Welcome To Microsoft Graph!

OR

#Read-Write
PS C:WINDOWSsystem32> Connect-MgGraph -Scopes "CloudPC.ReadWrite.All"
Welcome To Microsoft Graph!

Step 3 – Choose between v1.0 (Generally Available) and Beta API versions. Note for Windows 365 Cloud PC, the API calls are BETA.

#Beta APIs
PS C:WINDOWSsystem32> Select-MgProfile -Name "beta"

OR

#Production APIs (Not Applicable)
PS C:WINDOWSsystem32> Select-MgProfile -Name "v1.0"

Generate the report – Low Utilization

We are generating a report that will showcase the low utilization of the Cloud PC within your environment.
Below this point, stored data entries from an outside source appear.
theorem mainTheorem20:
  fixes V :: "'v set" and E :: "'e set" and src tgt :: "'e \<Rightarrow> 'v"
    and D :: "'e oedge set" and vD :: "'e oedge \<Rightarrow> real"
  assumes "finite V" and "finite E" and "V \<noteq> {}"
    and "\<forall>e \<in> E. src e \<in> V \<and> tgt e \<in> V"
    and "connected_graph V E src tgt"
    and "strongly_connected_orientation V (E - bridges V E src tgt) src tgt D"
    and "is_flow V E src tgt vD"
    and "\<forall>C. is_circuit E src tgt C \<and> C \<subseteq> D \<longrightarrow>
           2 * inner_ch E vD (circ_chain C) = qf E (circ_chain C)"
  shows "2 * qf E vD = (\<Sum>a \<in> D. vD a)"
proof -
  note finV = assms(1) and finE = assms(2) and ends = assms(4) and conn = assms(5)
    and sc = assms(6) and flow = assms(7) and cond = assms(8)
  define E0 where "E0 = E - bridges V E src tgt"
  have orient: "is_orientation E0 D" using sc by (simp add: strongly_connected_orientation_def E0_def)
  have DE: "D \<subseteq> oedges E" using orient by (auto simp: is_orientation_def oedges_def E0_def)
  have chain: "is_chain E vD" using flow by (simp add: is_flow_def)
  have "\<exists>p. \<forall>a\<in>D. 2 * vD a - 1 = p (ohead src tgt a) - p (otail src tgt a)"
  proof (rule potential_exists)
    show "sum_list (map (\<lambda>a. 2 * vD a - 1) ws) = 0" if "walk src tgt D x ws x" for ws x
      by (rule circuit_condition_closed_walks[OF finE DE orientation_inj_fst[OF orient] chain
            cond that])
    show "(ohead src tgt a, otail src tgt a) \<in> (dadj src tgt D)\<^sup>*" if "a \<in> D" for a
      using strongly_connected_arc_reversible[OF sc _ that] ends by auto
  qed
  then obtain p where pot: "\<forall>a\<in>D. 2 * vD a - 1 = p (ohead src tgt a) - p (otail src tgt a)" ..
  have off: "vD (e, True) = 0" if "e \<in> E" "e \<notin> E0" for e
    using flow_bridge_zero[OF finV finE ends flow conn] that by (simp add: E0_def)
  show ?thesis
    using orientation_sum_identity[OF finE _ orient chain off pot]
      flow_orthogonal_coboundary[OF finV finE ends flow, of p]
    by (simp add: E0_def)
qed

end
definition polynomial_in_each_variable :: "nat \<Rightarrow> ('a::comm_ring_1 ^ 'n \<Rightarrow> 'a) \<Rightarrow> bool" where
  "polynomial_in_each_variable k c \<longleftrightarrow>
     (\<forall>z i. \<exists>\<beta>. \<forall>s. c (vec_upd z i s) = (\<Sum>j\<le>k. \<beta> j * s ^ j))"

lemma lagrange_interpolation_in_variable:
  assumes "polynomial_in_each_variable k c" "a \<notin> S"
  shows "c (vec_upd_nodes z S \<alpha>) =
    (\<Sum>m\<le>k. lagrange_basis k m (z $ a) * c (vec_upd_nodes z (insert a S) (\<alpha>(a := m))))"
proof -
  obtain \<beta> where \<beta>: "\<And>s. c (vec_upd (vec_upd_nodes z S \<alpha>) a s) = (\<Sum>j\<le>k. \<beta> j * s ^ j)"
    using assms(1) unfolding polynomial_in_each_variable_def by blast
  have "vec_upd (vec_upd_nodes z S \<alpha>) a (z $ a) = vec_upd_nodes z S \<alpha>"
    using assms(2) by (simp add: vec_upd_def vec_upd_nodes_def vec_eq_iff)
  moreover have "vec_upd (vec_upd_nodes z S \<alpha>) a (of_nat m) =
      vec_upd_nodes z (insert a S) (\<alpha>(a := m))" for m
    using assms(2) by (auto simp: vec_upd_def vec_upd_nodes_def vec_eq_iff)
  ultimately show ?thesis
    using lagrange_interpolation[OF \<beta>, of "z $ a"] by simp
qed

lemma polynomial_in_each_variable_lagrange_expansion:
  fixes c :: "'a::field_char_0 ^ 'n \<Rightarrow> 'a"
  assumes "polynomial_in_each_variable k c" "finite S"
  shows "c z = (\<Sum>\<alpha>\<in>PiE S (\<lambda>_. {..k}).
                  (\<Prod>i\<in>S. lagrange_basis k (\<alpha> i) (z $ i)) * c (vec_upd_nodes z S \<alpha>))"
  using assms(2)
proof (induction S rule: finite_induct)
  case empty
  then show ?case
    by (simp add: vec_upd_nodes_def)
next
  case (insert a S)
  let ?L = "\<lambda>S \<alpha>. \<Prod>i\<in>S. lagrange_basis k (\<alpha> i) (z $ i)"
  have L_upd: "?L (insert a S) (\<alpha>(a := m)) = lagrange_basis k m (z $ a) * ?L S \<alpha>" for \<alpha> m
  proof -
    have "?L S (\<alpha>(a := m)) = ?L S \<alpha>"
      using insert.hyps by (intro prod.cong) auto
    then show ?thesis
      using insert.hyps by simp
  qed
  let ?c = "\<lambda>\<alpha>. c (vec_upd_nodes z (insert a S) \<alpha>)"
  have "c z = (\<Sum>\<alpha>\<in>PiE S (\<lambda>_. {..k}). \<Sum>m\<le>k. ?L (insert a S) (\<alpha>(a := m)) * ?c (\<alpha>(a := m)))"
    unfolding insert.IH L_upd
    by (simp add: lagrange_interpolation_in_variable[OF assms(1) insert.hyps(2)]
        sum_distrib_left mult_ac)
  also have "\<dots> = (\<Sum>(m, \<alpha>)\<in>{..k} \<times> PiE S (\<lambda>_. {..k}). ?L (insert a S) (\<alpha>(a := m)) * ?c (\<alpha>(a := m)))"
    by (subst sum.swap) (rule sum.cartesian_product)
  also have "\<dots> = (\<Sum>\<alpha>\<in>PiE (insert a S) (\<lambda>_. {..k}). ?L (insert a S) \<alpha> * ?c \<alpha>)"
    unfolding PiE_insert_eq using inj_combinator[OF insert.hyps(2)]
    by (subst sum.reindex) (auto simp: case_prod_unfold)
  finally show ?case .
qed

lemma poly_fun_lagrange_basis_component: "poly_fun (\<lambda>z. lagrange_basis k m (z $ i))"
  unfolding lagrange_basis_def
  by (intro poly_fun_prod poly_fun_divide_const poly_fun_diff poly_fun_component poly_fun_const)
    simp

lemma polynomial_in_each_variable_imp_poly_fun:
  fixes c :: "complex ^ 'n::finite \<Rightarrow> complex"
  assumes "polynomial_in_each_variable k c"
  shows "poly_fun c"
proof -
  have nodes: "vec_upd_nodes z UNIV \<alpha> = vec_upd_nodes 0 UNIV \<alpha>" for z :: "complex ^ 'n" and \<alpha>
    by (simp add: vec_upd_nodes_def)
  have expansion: "c = (\<lambda>z. \<Sum>\<alpha>\<in>PiE UNIV (\<lambda>_. {..k}).
      (\<Prod>i\<in>UNIV. lagrange_basis k (\<alpha> i) (z $ i)) * c (vec_upd_nodes 0 UNIV \<alpha>))"
  proof
    fix z
    show "c z = (\<Sum>\<alpha>\<in>PiE UNIV (\<lambda>_. {..k}).
        (\<Prod>i\<in>UNIV. lagrange_basis k (\<alpha> i) (z $ i)) * c (vec_upd_nodes 0 UNIV \<alpha>))"
      using polynomial_in_each_variable_lagrange_expansion[OF assms finite_class.finite_UNIV, of z]
      unfolding nodes[of z] .
  qed
  have poly: "poly_fun (\<lambda>z. \<Sum>\<alpha>\<in>PiE UNIV (\<lambda>_. {..k}).
      (\<Prod>i\<in>UNIV. lagrange_basis k (\<alpha> i) (z $ i)) * c (vec_upd_nodes 0 UNIV \<alpha>))"
    using poly_fun_lagrange_basis_component
    by (intro poly_fun_sum poly_fun_mult poly_fun_prod poly_fun_const) (simp_all add: finite_PiE)
  then show ?thesis
    by (subst expansion)
qed

lemma holomorphic_on_line:
  assumes "holo_on g U"
  shows "(\<lambda>t. g (a + t *s b)) holomorphic_on {t. a + t *s b \<in> U}"
  unfolding holomorphic_on_def
proof
  fix x assume "x \<in> {t. a + t *s b \<in> U}"
  then obtain L where L: "(g has_derivative L) (at (a + x *s b))" "\<And>c v. L (c *s v) = c * L v"
    using assms unfolding holo_on_def by blast
  have "((\<lambda>t. a + t *s b) has_derivative (\<lambda>t. t *s b)) (at x)"
    using has_derivative_add[OF has_derivative_const[of a] bounded_linear.has_derivative[OF
          bounded_linear_vector_scalar_mult_left has_derivative_ident]]
    by simp
  from diff_chain_at[OF this L(1)]
  have "((\<lambda>t. g (a + t *s b)) has_derivative L \<circ> (\<lambda>t. t *s b)) (at x)"
    by (simp add: o_def)
  moreover have "L \<circ> (\<lambda>t. t *s b) = (*) (L b)"
    by (simp add: fun_eq_iff L(2) mult.commute)
  ultimately have "((\<lambda>t. g (a + t *s b)) has_field_derivative L b) (at x)"
    unfolding has_field_derivative_def by (simp add: o_def)
  then show "(\<lambda>t. g (a + t *s b)) field_differentiable at x within {t. a + t *s b \<in> U}"
    by (auto simp: field_differentiable_def intro: has_field_derivative_at_within)
qed

lemma holomorphic_on_ray:
  assumes "holo_on g U"
  shows "(\<lambda>t. g (t *s b)) holomorphic_on {t. t *s b \<in> U}"
  using holomorphic_on_line[OF assms, of 0 b] by simp

lemma holomorphic_on_scaled_line:
  assumes "holo_on g U"
  shows "(\<lambda>s. g (t *s (a + s *s b))) holomorphic_on {s. t *s (a + s *s b) \<in> U}"
proof -
  have line: "t *s (a + s *s b) = t *s a + s *s (t *s b)" for s
    by (simp add: mult.commute)
  show ?thesis
    unfolding line by (rule holomorphic_on_line[OF assms])
qed

lemma holo_on_imp_continuous_on:
  assumes "holo_on g U"
  shows "continuous_on U g"
  using assms unfolding holo_on_def
  by (meson continuous_at_imp_continuous_on has_derivative_continuous)

lemma open_line_preimage:
  fixes a b :: "'a::real_normed_field ^ 'n"
  assumes "open U"
  shows "open {t. a + t *s b \<in> U}"
proof -
  have "continuous_on UNIV (\<lambda>t. a + t *s b)"
    by (intro continuous_intros)
  from open_vimage[OF assms this] show ?thesis
    by (simp add: vimage_def)
qed

lemma open_ray_preimage:
  fixes b :: "'a::real_normed_field ^ 'n"
  assumes "open U"
  shows "open {t. t *s b \<in> U}"
  using open_line_preimage[OF assms, of 0 b] by simp

section \<open>Contour integrals depending holomorphically on a parameter\<close>

lemma continuous_on_contour_integral_param:
  assumes cont: "continuous_on (S \<times> path_image \<gamma>) (\<lambda>(s, t). F s t)"
    and "valid_path \<gamma>" and dcont: "continuous_on {0..1} (\<lambda>x. vector_derivative \<gamma> (at x))"
  shows "continuous_on S (\<lambda>s. contour_integral \<gamma> (F s))"
proof -
  have \<gamma>: "continuous_on {0..1} \<gamma>"
    using \<open>valid_path \<gamma>\<close> valid_path_imp_path path_def by blast
  have pair: "continuous_on (S \<times> {0..1}) (\<lambda>p. (fst p, \<gamma> (snd p)))"
    by (intro continuous_intros continuous_on_compose2[OF \<gamma>]) auto
  have "(\<lambda>p. (fst p, \<gamma> (snd p))) ` (S \<times> {0..1}) \<subseteq> S \<times> path_image \<gamma>"
    by (auto simp: path_image_def)
  from continuous_on_compose2[OF cont pair this]
  have F: "continuous_on (S \<times> {0..1}) (\<lambda>p. F (fst p) (\<gamma> (snd p)))"
    by (simp add: case_prod_unfold)
  have D: "continuous_on (S \<times> {0..1}) (\<lambda>p. vector_derivative \<gamma> (at (snd p)))"
    by (intro continuous_on_compose2[OF dcont] continuous_intros) auto
  have "continuous_on S (\<lambda>s. integral (cbox 0 1) (\<lambda>x. F s (\<gamma> x) * vector_derivative \<gamma> (at x)))"
    by (rule integral_continuous_on_param)
       (use continuous_on_mult[OF F D] in \<open>simp add: case_prod_unfold cbox_interval\<close>)
  then show ?thesis
    by (simp add: contour_integral_integral cbox_interval)
qed

lemma continuous_on_vector_derivative_circlepath:
  "continuous_on {0..1} (\<lambda>x. vector_derivative (circlepath w r) (at x))"
  unfolding vector_derivative_circlepath by (intro continuous_intros)

lemma contour_integral_swap_linepath_circlepath:
  assumes cont: "continuous_on (closed_segment p q \<times> path_image (circlepath w r)) (\<lambda>(s, t). F s t)"
  shows "contour_integral (linepath p q) (\<lambda>s. contour_integral (circlepath w r) (F s)) =
      contour_integral (circlepath w r) (\<lambda>t. contour_integral (linepath p q) (\<lambda>s. F s t))"
    and "(\<lambda>t. contour_integral (linepath p q) (\<lambda>s. F s t)) contour_integrable_on circlepath w r"
proof -
  show "contour_integral (linepath p q) (\<lambda>s. contour_integral (circlepath w r) (F s)) =
      contour_integral (circlepath w r) (\<lambda>t. contour_integral (linepath p q) (\<lambda>s. F s t))"
    using cont
    by (intro contour_integral_swap) (simp_all add: continuous_on_vector_derivative_circlepath)
  have "continuous_on (path_image (circlepath w r) \<times> path_image (linepath p q)) (\<lambda>(t, s). F s t)"
    using continuous_on_swap_args[OF cont] by simp
  then have "continuous_on (path_image (circlepath w r))
      (\<lambda>t. contour_integral (linepath p q) (\<lambda>s. F s t))"
    by (rule continuous_on_contour_integral_param) simp_all
  then show "(\<lambda>t. contour_integral (linepath p q) (\<lambda>s. F s t)) contour_integrable_on circlepath w r"
    by (rule contour_integrable_continuous_circlepath)
qed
This can help you decide to decommission the Cloud PC or send a notification to the end-user etc. – https://github.com/askaresh/avdwin365mem/blob/main/report-lowutilz-cloudpc

  • Building the bodyparameters:
    • Top – How many records you want to return (In the current example its 25)
    • Skip – Number of records to skip ((In the current example its 0)
  • Filter
    • In my example, as its a demo tenant and to generate the report I am using the following – TotalUsageInHour le 40 (Usage less than 40 hours)
  • It will provide the details of the Cloud PC Name, UPN, Total time connected and Days since last sign-in.
$params = @{
	Top = 25
	Skip = 0
	Filter = "(TotalUsageInHour le 40)"
	Select = @(
		"CloudPcId"
		"ManagedDeviceName"
		"UserPrincipalName"
		"TotalUsageInHour"
		"DaysSinceLastSignIn"
	)
}

Get-MgDeviceManagementVirtualEndpointReportTotalAggregatedRemoteConnectionReport -BodyParameter $params

Note – You will have to enter the OutFile path where you want to save the report in my example C:\Temp\abc.csv

The actual report in the Intune Portal looks like the following – The same result is now available within the Value section of the CSV (Note – The formatting of the output is terrible, some excel work will be required to format the data properly)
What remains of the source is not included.